▶ **Exercise brief**
Starting at the line that contains "unfolding induces_copy_def by blast" and ending at the line that contains "using permutes_inverses(1)[OF assms]", the lines below are to be given again exactly, with nothing added.

─── Dataset records ───

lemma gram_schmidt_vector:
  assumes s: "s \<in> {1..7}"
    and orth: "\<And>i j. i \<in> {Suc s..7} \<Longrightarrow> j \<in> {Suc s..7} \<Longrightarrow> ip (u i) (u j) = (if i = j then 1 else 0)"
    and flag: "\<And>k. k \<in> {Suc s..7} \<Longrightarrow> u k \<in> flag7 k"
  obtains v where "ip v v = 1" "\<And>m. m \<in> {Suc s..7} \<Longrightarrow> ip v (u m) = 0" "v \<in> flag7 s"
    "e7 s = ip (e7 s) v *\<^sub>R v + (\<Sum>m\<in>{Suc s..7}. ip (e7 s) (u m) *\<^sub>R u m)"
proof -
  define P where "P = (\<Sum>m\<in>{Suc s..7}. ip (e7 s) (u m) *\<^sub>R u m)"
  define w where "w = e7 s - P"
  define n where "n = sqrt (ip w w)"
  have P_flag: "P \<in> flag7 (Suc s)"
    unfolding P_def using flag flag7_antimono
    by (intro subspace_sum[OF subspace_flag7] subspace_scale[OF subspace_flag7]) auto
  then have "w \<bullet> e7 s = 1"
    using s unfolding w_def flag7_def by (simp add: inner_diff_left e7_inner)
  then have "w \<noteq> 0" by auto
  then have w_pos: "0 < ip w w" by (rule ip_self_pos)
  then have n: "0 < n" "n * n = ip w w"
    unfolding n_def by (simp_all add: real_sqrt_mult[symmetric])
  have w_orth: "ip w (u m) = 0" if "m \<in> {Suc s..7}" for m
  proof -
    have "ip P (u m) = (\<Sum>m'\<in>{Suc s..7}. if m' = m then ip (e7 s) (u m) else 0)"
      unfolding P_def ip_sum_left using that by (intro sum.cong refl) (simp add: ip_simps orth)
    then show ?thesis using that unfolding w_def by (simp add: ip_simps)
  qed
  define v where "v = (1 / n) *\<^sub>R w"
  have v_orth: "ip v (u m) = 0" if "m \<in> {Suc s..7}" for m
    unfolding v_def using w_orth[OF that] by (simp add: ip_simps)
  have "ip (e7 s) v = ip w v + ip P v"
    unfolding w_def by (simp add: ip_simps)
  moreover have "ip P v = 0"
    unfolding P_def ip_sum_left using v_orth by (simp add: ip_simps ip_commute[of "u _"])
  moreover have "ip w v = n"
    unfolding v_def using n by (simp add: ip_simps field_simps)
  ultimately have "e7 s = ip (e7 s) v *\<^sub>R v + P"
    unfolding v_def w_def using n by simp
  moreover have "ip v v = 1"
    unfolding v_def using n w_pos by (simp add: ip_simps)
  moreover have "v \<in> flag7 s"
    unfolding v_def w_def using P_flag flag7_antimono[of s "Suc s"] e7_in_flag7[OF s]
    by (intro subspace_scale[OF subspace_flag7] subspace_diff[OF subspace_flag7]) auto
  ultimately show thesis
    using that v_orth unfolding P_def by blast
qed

───
─── Dataset records ───

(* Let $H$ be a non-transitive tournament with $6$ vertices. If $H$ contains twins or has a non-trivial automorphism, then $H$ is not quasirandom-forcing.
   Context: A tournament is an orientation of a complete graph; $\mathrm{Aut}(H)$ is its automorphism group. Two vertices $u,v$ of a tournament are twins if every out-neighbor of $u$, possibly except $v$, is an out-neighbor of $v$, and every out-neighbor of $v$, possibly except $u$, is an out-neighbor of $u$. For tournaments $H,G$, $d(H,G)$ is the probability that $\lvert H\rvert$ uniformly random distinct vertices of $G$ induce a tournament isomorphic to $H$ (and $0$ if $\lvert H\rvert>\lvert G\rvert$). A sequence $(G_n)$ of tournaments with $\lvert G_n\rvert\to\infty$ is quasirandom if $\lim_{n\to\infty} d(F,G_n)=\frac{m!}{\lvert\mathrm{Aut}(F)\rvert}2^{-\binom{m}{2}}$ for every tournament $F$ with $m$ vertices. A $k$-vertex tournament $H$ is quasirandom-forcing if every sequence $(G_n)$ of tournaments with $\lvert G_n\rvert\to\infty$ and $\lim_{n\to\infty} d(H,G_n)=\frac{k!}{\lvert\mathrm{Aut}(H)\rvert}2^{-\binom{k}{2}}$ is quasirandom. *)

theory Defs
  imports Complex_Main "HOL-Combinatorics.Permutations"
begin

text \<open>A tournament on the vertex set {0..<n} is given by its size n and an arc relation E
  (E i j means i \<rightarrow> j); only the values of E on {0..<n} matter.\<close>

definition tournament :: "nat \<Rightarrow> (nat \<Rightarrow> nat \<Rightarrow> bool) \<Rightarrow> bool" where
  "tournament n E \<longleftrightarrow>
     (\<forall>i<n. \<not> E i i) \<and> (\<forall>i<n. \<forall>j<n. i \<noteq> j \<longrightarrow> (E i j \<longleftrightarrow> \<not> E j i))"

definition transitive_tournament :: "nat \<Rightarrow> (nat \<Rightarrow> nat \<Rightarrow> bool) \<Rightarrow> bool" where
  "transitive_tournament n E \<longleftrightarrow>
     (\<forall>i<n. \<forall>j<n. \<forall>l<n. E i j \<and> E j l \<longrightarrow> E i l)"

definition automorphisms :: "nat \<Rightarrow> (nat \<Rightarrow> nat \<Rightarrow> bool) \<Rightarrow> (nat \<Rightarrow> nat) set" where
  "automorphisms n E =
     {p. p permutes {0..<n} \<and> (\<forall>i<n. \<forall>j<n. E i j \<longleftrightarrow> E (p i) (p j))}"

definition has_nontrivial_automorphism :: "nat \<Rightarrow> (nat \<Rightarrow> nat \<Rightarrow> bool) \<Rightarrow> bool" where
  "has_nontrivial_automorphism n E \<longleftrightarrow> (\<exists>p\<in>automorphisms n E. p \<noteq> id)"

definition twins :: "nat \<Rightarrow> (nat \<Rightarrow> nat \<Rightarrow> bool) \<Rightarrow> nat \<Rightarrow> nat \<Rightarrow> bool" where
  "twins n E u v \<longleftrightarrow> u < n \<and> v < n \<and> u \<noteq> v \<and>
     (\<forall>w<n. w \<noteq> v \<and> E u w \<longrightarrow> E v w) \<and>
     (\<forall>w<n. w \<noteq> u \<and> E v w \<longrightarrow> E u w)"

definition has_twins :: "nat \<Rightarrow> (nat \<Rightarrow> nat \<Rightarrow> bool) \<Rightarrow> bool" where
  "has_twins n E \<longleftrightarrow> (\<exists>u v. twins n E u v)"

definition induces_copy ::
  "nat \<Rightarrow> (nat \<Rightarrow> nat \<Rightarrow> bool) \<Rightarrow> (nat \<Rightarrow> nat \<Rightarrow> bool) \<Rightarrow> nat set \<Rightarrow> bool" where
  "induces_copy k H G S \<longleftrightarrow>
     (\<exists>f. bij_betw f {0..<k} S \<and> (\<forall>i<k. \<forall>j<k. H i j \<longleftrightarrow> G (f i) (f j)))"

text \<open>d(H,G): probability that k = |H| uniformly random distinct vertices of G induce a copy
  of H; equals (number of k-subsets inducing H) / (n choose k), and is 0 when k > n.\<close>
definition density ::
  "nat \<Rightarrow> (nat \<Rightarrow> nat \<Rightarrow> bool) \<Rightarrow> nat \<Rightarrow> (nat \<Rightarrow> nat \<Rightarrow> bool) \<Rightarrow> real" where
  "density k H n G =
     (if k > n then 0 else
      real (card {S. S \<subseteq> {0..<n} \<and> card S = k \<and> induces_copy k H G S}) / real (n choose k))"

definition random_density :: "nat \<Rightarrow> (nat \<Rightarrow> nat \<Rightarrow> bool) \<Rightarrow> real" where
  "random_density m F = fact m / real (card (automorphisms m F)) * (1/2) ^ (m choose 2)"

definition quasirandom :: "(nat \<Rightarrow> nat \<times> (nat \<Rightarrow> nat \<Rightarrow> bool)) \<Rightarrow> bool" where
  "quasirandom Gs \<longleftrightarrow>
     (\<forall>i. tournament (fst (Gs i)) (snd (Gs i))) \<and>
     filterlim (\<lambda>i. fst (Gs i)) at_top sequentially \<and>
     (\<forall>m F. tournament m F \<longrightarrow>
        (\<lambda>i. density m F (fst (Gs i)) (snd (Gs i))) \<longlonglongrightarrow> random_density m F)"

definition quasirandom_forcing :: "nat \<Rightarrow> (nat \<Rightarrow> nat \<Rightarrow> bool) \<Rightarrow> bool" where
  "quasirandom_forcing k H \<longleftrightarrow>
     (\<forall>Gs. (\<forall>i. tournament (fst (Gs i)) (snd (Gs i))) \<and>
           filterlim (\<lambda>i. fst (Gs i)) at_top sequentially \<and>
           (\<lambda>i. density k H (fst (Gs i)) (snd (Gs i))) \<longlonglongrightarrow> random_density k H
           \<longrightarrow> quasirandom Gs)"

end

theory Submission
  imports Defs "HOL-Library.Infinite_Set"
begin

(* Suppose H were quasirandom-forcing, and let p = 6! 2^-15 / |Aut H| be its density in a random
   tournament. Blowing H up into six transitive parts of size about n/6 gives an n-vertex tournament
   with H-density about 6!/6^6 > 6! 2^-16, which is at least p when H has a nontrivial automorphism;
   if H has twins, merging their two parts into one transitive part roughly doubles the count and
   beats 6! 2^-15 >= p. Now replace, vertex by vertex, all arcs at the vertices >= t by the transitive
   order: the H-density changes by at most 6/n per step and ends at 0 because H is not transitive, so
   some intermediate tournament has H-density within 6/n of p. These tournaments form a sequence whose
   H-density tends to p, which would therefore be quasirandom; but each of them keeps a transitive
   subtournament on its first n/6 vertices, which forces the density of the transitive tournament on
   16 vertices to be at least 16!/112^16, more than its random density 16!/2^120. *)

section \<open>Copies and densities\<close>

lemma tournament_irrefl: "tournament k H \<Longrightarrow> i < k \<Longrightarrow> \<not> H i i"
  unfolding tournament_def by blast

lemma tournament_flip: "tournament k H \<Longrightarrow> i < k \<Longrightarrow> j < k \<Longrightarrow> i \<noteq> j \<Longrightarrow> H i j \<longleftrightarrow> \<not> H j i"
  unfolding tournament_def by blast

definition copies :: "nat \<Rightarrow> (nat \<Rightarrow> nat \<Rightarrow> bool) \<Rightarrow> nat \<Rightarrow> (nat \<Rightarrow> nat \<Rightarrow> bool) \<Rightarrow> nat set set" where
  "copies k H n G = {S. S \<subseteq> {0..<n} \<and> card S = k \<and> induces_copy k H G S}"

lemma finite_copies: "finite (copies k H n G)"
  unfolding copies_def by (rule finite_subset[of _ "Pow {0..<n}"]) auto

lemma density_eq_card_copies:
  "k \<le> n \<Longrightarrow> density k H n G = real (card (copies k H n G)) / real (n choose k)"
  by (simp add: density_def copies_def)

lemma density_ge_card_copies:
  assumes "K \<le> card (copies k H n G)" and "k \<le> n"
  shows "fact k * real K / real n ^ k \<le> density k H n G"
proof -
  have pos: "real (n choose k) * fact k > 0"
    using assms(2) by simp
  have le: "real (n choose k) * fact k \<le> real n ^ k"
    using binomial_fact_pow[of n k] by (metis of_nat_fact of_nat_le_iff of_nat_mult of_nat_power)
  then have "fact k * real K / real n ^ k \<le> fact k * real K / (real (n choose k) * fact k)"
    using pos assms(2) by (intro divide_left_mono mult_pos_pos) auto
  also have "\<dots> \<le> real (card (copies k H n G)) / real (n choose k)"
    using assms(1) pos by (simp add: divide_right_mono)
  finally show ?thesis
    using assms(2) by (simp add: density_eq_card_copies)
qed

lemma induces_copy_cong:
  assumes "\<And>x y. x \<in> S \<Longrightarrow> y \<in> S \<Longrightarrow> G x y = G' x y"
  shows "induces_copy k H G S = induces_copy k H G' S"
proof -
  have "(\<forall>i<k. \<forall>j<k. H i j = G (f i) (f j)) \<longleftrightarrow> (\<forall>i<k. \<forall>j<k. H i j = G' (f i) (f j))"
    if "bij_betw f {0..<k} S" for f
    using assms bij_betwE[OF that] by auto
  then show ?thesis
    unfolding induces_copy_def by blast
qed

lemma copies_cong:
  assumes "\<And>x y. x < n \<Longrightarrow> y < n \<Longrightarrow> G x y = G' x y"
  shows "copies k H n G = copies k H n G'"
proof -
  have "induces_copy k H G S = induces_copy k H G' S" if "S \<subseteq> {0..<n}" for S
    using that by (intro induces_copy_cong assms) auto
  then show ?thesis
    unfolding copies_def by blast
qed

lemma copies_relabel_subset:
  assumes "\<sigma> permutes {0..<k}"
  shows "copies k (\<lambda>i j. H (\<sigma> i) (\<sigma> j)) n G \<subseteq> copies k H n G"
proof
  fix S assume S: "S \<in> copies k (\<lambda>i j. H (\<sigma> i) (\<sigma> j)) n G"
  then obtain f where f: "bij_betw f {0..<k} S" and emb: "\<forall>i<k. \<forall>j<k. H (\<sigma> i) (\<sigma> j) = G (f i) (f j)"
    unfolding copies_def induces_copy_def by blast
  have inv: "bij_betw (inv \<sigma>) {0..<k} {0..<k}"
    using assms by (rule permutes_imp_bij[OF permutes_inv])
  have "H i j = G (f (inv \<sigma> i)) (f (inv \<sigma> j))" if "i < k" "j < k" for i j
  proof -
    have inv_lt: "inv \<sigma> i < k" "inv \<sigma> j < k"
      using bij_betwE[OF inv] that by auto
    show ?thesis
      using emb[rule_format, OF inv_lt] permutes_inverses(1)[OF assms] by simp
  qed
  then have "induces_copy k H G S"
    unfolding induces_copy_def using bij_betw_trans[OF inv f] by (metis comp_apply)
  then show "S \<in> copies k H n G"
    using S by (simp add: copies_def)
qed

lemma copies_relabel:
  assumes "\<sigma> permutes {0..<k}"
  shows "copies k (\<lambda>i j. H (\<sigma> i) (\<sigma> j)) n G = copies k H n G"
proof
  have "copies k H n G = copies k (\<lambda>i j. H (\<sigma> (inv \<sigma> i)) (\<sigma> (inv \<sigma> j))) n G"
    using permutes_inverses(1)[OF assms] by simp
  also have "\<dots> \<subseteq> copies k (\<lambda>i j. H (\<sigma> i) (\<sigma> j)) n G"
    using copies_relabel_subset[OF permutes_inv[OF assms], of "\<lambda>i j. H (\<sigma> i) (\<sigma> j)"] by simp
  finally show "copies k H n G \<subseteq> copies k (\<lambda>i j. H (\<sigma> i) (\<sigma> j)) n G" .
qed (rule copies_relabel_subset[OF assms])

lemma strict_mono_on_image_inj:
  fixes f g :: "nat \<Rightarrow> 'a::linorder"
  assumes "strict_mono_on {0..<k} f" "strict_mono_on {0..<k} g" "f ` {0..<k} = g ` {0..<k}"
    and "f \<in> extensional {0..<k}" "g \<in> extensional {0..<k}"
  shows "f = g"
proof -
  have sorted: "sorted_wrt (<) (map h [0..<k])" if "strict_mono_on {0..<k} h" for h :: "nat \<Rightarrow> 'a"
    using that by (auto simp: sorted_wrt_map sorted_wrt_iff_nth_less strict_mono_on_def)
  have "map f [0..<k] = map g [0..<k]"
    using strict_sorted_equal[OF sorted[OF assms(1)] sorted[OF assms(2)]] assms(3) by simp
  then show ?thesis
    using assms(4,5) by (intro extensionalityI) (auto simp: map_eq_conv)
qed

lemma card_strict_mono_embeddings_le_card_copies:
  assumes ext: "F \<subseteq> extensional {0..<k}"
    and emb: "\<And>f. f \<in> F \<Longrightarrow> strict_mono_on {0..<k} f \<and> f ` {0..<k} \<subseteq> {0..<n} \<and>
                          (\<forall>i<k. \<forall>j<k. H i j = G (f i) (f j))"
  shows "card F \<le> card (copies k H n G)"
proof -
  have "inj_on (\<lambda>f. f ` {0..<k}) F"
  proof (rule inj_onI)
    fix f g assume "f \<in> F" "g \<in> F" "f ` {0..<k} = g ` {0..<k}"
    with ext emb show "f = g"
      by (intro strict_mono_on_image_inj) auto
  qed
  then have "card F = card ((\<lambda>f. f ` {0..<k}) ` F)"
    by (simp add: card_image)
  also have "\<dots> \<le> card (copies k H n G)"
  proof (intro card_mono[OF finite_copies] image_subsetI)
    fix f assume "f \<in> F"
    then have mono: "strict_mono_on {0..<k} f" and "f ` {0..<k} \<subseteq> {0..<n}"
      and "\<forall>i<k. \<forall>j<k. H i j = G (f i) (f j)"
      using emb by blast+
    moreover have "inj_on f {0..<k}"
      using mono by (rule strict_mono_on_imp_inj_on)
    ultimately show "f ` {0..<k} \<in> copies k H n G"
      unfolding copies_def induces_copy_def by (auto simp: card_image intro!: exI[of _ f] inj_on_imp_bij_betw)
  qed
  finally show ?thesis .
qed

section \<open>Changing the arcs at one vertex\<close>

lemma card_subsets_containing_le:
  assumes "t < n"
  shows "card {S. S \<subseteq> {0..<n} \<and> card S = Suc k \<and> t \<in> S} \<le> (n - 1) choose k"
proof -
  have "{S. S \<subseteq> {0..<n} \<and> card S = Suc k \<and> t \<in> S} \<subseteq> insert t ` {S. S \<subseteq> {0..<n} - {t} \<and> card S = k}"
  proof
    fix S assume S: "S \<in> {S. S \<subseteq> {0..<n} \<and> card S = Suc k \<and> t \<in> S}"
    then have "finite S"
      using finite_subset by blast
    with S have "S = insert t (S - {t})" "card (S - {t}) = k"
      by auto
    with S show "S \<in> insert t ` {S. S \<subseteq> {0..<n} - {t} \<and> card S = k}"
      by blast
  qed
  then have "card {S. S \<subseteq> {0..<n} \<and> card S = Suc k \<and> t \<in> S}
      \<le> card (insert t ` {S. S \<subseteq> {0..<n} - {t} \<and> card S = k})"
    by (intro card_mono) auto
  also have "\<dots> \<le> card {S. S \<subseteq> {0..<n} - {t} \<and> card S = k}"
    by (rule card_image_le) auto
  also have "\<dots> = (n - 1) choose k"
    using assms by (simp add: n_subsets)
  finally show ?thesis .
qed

───

▶ **Output below**
    unfolding induces_copy_def by blast
qed

lemma copies_cong:
  assumes "\<And>x y. x < n \<Longrightarrow> y < n \<Longrightarrow> G x y = G' x y"
  shows "copies k H n G = copies k H n G'"
proof -
  have "induces_copy k H G S = induces_copy k H G' S" if "S \<subseteq> {0..<n}" for S
    using that by (intro induces_copy_cong assms) auto
  then show ?thesis
    unfolding copies_def by blast
qed

lemma copies_relabel_subset:
  assumes "\<sigma> permutes {0..<k}"
  shows "copies k (\<lambda>i j. H (\<sigma> i) (\<sigma> j)) n G \<subseteq> copies k H n G"
proof
  fix S assume S: "S \<in> copies k (\<lambda>i j. H (\<sigma> i) (\<sigma> j)) n G"
  then obtain f where f: "bij_betw f {0..<k} S" and emb: "\<forall>i<k. \<forall>j<k. H (\<sigma> i) (\<sigma> j) = G (f i) (f j)"
    unfolding copies_def induces_copy_def by blast
  have inv: "bij_betw (inv \<sigma>) {0..<k} {0..<k}"
    using assms by (rule permutes_imp_bij[OF permutes_inv])
  have "H i j = G (f (inv \<sigma> i)) (f (inv \<sigma> j))" if "i < k" "j < k" for i j
  proof -
    have inv_lt: "inv \<sigma> i < k" "inv \<sigma> j < k"
      using bij_betwE[OF inv] that by auto
    show ?thesis
      using emb[rule_format, OF inv_lt] permutes_inverses(1)[OF assms] by simp
  qed
  then have "induces_copy k H G S"
    unfolding induces_copy_def using bij_betw_trans[OF inv f] by (metis comp_apply)
  then show "S \<in> copies k H n G"
    using S by (simp add: copies_def)
qed

lemma copies_relabel:
  assumes "\<sigma> permutes {0..<k}"
  shows "copies k (\<lambda>i j. H (\<sigma> i) (\<sigma> j)) n G = copies k H n G"
proof
  have "copies k H n G = copies k (\<lambda>i j. H (\<sigma> (inv \<sigma> i)) (\<sigma> (inv \<sigma> j))) n G"
    using permutes_inverses(1)[OF assms] by simp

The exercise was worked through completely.